• WORK TO BE COMPLETED: Select, from the material below, each line with "jacobiJ" in it.
# # # # # # #
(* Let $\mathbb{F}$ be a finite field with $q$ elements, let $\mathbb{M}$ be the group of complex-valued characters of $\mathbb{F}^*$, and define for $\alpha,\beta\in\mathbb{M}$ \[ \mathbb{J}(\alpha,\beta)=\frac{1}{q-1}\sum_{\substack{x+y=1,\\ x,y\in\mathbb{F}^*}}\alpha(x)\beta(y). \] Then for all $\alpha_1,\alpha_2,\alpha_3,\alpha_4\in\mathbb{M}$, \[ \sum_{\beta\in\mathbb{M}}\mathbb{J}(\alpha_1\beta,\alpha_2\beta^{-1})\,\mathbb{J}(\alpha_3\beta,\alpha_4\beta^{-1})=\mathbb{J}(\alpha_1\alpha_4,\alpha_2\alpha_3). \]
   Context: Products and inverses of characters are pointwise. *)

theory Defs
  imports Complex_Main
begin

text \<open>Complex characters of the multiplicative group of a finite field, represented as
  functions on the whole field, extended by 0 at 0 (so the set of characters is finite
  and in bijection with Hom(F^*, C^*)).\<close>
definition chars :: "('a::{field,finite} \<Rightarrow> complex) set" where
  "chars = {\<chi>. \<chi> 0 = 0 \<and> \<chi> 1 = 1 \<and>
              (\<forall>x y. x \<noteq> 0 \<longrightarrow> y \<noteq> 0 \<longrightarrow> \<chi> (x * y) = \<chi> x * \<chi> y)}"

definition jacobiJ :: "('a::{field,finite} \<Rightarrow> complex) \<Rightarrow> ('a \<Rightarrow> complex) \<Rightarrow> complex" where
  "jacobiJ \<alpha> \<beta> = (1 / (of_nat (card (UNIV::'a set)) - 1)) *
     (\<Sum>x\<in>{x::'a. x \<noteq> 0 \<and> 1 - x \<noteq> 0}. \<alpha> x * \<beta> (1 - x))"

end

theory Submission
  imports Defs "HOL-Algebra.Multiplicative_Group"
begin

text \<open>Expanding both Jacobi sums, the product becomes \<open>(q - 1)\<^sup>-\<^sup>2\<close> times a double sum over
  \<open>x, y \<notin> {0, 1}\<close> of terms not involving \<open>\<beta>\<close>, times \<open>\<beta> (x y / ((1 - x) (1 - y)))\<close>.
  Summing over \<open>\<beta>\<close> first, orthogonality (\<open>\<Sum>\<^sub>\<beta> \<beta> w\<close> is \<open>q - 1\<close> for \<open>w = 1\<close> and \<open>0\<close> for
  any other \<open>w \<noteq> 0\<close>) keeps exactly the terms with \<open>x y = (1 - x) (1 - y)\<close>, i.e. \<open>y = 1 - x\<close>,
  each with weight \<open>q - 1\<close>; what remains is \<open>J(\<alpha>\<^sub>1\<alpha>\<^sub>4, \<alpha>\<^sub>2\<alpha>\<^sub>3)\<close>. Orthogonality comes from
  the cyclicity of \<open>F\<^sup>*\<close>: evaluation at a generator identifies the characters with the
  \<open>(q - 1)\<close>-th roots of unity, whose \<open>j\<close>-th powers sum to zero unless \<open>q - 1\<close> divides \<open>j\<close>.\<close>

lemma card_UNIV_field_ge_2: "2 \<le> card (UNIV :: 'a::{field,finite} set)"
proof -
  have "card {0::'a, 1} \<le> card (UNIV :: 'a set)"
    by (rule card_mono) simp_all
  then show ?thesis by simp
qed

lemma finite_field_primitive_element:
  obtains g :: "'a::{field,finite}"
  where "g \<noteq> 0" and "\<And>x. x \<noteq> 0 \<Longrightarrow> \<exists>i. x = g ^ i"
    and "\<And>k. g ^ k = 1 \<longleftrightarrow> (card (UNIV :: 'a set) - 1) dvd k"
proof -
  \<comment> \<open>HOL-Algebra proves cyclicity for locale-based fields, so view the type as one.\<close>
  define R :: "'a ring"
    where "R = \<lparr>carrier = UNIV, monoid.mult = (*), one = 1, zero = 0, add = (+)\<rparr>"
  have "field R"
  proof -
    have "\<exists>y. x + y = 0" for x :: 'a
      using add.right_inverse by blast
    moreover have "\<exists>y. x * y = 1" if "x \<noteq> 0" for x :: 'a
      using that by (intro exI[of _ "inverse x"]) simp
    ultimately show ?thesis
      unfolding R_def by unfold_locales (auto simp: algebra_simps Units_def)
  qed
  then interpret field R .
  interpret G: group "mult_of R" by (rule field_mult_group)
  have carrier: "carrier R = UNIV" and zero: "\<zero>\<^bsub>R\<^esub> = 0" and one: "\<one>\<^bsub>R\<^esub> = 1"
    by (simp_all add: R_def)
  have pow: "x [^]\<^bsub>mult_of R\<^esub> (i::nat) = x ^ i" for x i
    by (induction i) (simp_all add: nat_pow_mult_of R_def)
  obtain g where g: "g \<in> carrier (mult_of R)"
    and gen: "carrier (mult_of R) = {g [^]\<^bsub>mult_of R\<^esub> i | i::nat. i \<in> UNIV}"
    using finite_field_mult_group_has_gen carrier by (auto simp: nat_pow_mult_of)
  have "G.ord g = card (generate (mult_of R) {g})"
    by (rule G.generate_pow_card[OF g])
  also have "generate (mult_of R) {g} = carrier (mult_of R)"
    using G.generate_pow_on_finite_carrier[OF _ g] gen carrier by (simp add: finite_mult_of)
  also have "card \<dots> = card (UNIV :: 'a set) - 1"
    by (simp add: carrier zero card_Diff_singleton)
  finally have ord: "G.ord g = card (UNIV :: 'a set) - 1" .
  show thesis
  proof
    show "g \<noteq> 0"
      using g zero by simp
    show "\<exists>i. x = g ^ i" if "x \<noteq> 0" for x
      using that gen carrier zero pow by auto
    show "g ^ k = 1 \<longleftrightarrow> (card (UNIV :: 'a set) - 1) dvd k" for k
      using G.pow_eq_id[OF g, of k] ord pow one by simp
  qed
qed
# # # # # # #
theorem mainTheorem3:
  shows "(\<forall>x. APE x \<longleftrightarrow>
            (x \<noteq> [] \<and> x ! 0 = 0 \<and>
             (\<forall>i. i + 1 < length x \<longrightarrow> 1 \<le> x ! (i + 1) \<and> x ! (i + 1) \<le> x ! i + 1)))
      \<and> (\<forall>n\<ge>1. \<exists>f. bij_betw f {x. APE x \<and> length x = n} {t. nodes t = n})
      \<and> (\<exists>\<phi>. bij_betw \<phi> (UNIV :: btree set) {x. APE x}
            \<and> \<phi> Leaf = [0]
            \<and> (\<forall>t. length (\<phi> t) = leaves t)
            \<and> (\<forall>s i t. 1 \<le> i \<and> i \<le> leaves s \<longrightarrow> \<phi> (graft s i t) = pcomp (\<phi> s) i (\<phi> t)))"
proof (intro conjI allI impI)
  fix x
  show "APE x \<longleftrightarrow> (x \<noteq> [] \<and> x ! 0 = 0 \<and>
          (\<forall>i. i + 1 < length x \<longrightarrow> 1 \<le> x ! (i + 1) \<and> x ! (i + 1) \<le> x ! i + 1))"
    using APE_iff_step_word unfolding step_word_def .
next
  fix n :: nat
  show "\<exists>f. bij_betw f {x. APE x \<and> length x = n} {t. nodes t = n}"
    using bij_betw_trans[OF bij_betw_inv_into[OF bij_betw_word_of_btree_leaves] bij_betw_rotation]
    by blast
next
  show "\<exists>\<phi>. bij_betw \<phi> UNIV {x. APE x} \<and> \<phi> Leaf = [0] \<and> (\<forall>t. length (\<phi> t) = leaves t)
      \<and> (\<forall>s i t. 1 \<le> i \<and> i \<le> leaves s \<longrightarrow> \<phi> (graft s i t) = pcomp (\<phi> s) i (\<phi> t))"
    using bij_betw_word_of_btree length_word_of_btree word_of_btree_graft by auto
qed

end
# # # # # # #
• WRITTEN ANSWER:
definition jacobiJ :: "('a::{field,finite} \<Rightarrow> complex) \<Rightarrow> ('a \<Rightarrow> complex) \<Rightarrow> complex" where
  "jacobiJ \<alpha> \<beta> = (1 / (of_nat (card (UNIV::'a set)) - 1)) *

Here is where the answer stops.